Given data »
text \<open>With \<open>d\<^sub>0 = 0\<close>, the element \<open>w = (h - d\<^sub>1) \<cdots> (h - d\<^sub>r\<^sub>-\<^sub>1)\<close> satisfies \<open>h w = 0\<close> by
  Cayley--Hamilton, while \<open>\<epsilon>(h w) = tr(L\<^sub>w) = \<Prod>\<^sub>j\<^sub>\<ge>\<^sub>1 (- d\<^sub>j)\<close>.\<close>
lemma triangular_zero_diag_not_simple:
  assumes sim: "similar_mat_wit (lmult_mat r c (handle r c e)) T P Q" and ut: "upper_triangular T"
    and r: "0 < r" and T0: "T $$ (0,0) = 0"
  shows "\<exists>i. 0 < i \<and> i < r \<and> T $$ (i,i) = 0"
proof (rule ccontr)
  assume "\<nexists>i. 0 < i \<and> i < r \<and> T $$ (i,i) = 0"
  hence nz: "\<And>i. 0 < i \<Longrightarrow> i < r \<Longrightarrow> T $$ (i,i) \<noteq> 0" by blast
  define d where "d = (\<lambda>k. T $$ (k,k))"
  define m where "m = r - 1"
  have rm: "r = Suc m" using r unfolding m_def by simp
  note wit = similar_mat_witD2[OF lmult_mat_carrier sim]
  have T: "T \<in> carrier_mat r r" using wit by simp
  note prod_similar = shifted_prod_mat_similar[OF sim lmult_mat_carrier]
  have "shifted_prod_mat T d r r = 0\<^sub>m r r"
    using shifted_prod_mat_diag_rows_zero[OF T ut, of r] shifted_prod_mat_carrier[OF T, of d r]
    by (intro eq_matI) (auto simp: d_def)
  hence "lmult_mat r c (handle_shifted_prod d r) = 0\<^sub>m r r"
    using wit(6,7) by (simp add: lmult_mat_handle_shifted_prod prod_similar)
  hence "handle_shifted_prod d r = (\<lambda>_. 0)"
    by (rule lmult_mat_eq_zero[OF handle_shifted_prod_vecs])
  hence "handle_shifted_prod d (Suc m) = (\<lambda>_. 0)" using rm by simp
  moreover have "r - Suc m = 0" using rm by simp
  hence "handle_shifted_prod d (Suc m) = amult r c (handle r c e) (handle_shifted_prod d m)"
    using T0 by (simp add: d_def)
  ultimately have "amult r c (handle r c e) (handle_shifted_prod d m) = (\<lambda>_. 0)" by simp
  hence "mat_trace (lmult_mat r c (handle_shifted_prod d m)) = 0"
    by (metis counit_handle_mult handle_shifted_prod_vecs counit_zero)
  hence "mat_trace (shifted_prod_mat T d r m) = 0"
    using wit(2,6,7) shifted_prod_mat_carrier[OF T]
    by (simp add: lmult_mat_handle_shifted_prod prod_similar mat_trace_conjugate)
  moreover have "shifted_prod_mat T d r m $$ (i,i) = 0" if "0 < i" "i < r" for i
    using shifted_prod_mat_diag_rows_zero[OF T ut, of m i i] that rm by (simp add: d_def)
  hence "mat_trace (shifted_prod_mat T d r m) = shifted_prod_mat T d r m $$ (0,0)"
    unfolding mat_trace_def using shifted_prod_mat_carrier[OF T, of d m] r
    by (subst sum_eq_single[of _ 0]) auto
  moreover have "shifted_prod_mat T d r m $$ (0,0) = (\<Prod>j\<in>{1..<r}. - d j)"
    using shifted_prod_mat_upper_triangular[OF T ut, of m d] r T0 by (simp add: rm d_def)
  ultimately show False using nz by (simp add: d_def)
qed
(* Let $\mathcal{L}_{\mathrm{all}}$ be the family of all PLDs and let $\mathcal{L}_{ED}:=\{L_{\varepsilon,\delta}:\varepsilon\ge0,\ \delta\in[0,1]\}$. For neither $\mathcal{L}=\mathcal{L}_{\mathrm{all}}$ nor $\mathcal{L}=\mathcal{L}_{ED}$ is the natural filter with queries in $\mathcal{L}$ free for every budget $B$ and every capacity $k$; i.e., in each case there exist a PLD $B$ and $k\ge1$ with $\mathrm{PLD}(\mathrm{Filter}_{\mathcal{L},B,k})\not\preceq B$.
   Context: Fix a pair of datasets $D_1,D_2$; mechanisms are randomized maps from datasets to outputs, adaptive mechanisms also take previous outputs. A PLD is the law of $\log\frac{dP}{dQ}(\omega)$, $\omega\sim P$, for distributions $P,Q$ on a common space (values in $\mathbb{R}\cup\{\infty\}$); $\mathrm{PLD}(M):=\mathrm{PLD}(M(D_1)\|M(D_2))$. Blackwell order $\preceq$ on PLDs: $L\preceq L'$ iff realizing pairs satisfy $P=\phi P'$, $Q=\phi Q'$ for a Markov kernel $\phi$. $\oplus$ is convolution, $\mathrm{Id}$ the point mass at $0$, $\sup$ the least upper bound. The tradeoff curve of a PLD (of a pair $(P,Q)$) is $\tau(\alpha)=\inf\{\beta_\phi:\alpha_\phi\le\alpha\}$ over tests, with Type I error $\alpha_\phi$ under $P$ and Type II error $\beta_\phi$ under $Q$; a PLD is determined by its tradeoff curve. $L_{\varepsilon,\delta}$ denotes the PLD whose tradeoff curve is $f_{\varepsilon,\delta}(\alpha)=\max\{0,\ 1-\delta-e^{\varepsilon}\alpha,\ e^{-\varepsilon}(1-\delta-\alpha)\}$. Adaptive composition $M_1\otimes M_2$ outputs $(Y_1,Y_2)$, $Y_1\sim M_1(D)$, $Y_2\sim M_2(D;Y_1)$. A privacy rule of length $k$ maps each sequence $(L_1,\dots,L_{k'})$, $0\le k'<k$, to a set of PLDs containing $\mathrm{Id}$; a $\Gamma$-adversary is $M_1\otimes\cdots\otimes M_k$ with $\mathrm{PLD}(M_i(\cdot;y_1,\dots,y_{i-1}))\in\Gamma(L_1,\dots,L_{i-1})$ for every history; $\mathrm{PLD}(\Gamma)$ is the sup of PLDs of $\Gamma$-adversaries. $\mathrm{Filter}_{\mathcal{L},B,k}(L_1,\dots,L_{k'}):=\{L\in\mathcal{L}:L_1\oplus\cdots\oplus L_{k'}\oplus L\preceq B\}$; the natural filter is free for $(\mathcal{L},B,k)$ if $\mathrm{PLD}(\mathrm{Filter}_{\mathcal{L},B,k})\preceq B$. *)

theory Defs
  imports "HOL-Probability.Probability"
begin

To do » Return only the lines above that run from the opening line through the line containing "define d where", exactly as written.

Your solution »
text \<open>With \<open>d\<^sub>0 = 0\<close>, the element \<open>w = (h - d\<^sub>1) \<cdots> (h - d\<^sub>r\<^sub>-\<^sub>1)\<close> satisfies \<open>h w = 0\<close> by
  Cayley--Hamilton, while \<open>\<epsilon>(h w) = tr(L\<^sub>w) = \<Prod>\<^sub>j\<^sub>\<ge>\<^sub>1 (- d\<^sub>j)\<close>.\<close>
lemma triangular_zero_diag_not_simple:
  assumes sim: "similar_mat_wit (lmult_mat r c (handle r c e)) T P Q" and ut: "upper_triangular T"
    and r: "0 < r" and T0: "T $$ (0,0) = 0"
  shows "\<exists>i. 0 < i \<and> i < r \<and> T $$ (i,i) = 0"
proof (rule ccontr)
  assume "\<nexists>i. 0 < i \<and> i < r \<and> T $$ (i,i) = 0"
  hence nz: "\<And>i. 0 < i \<Longrightarrow> i < r \<Longrightarrow> T $$ (i,i) \<noteq> 0" by blast
  define d where "d = (\<lambda>k. T $$ (k,k))"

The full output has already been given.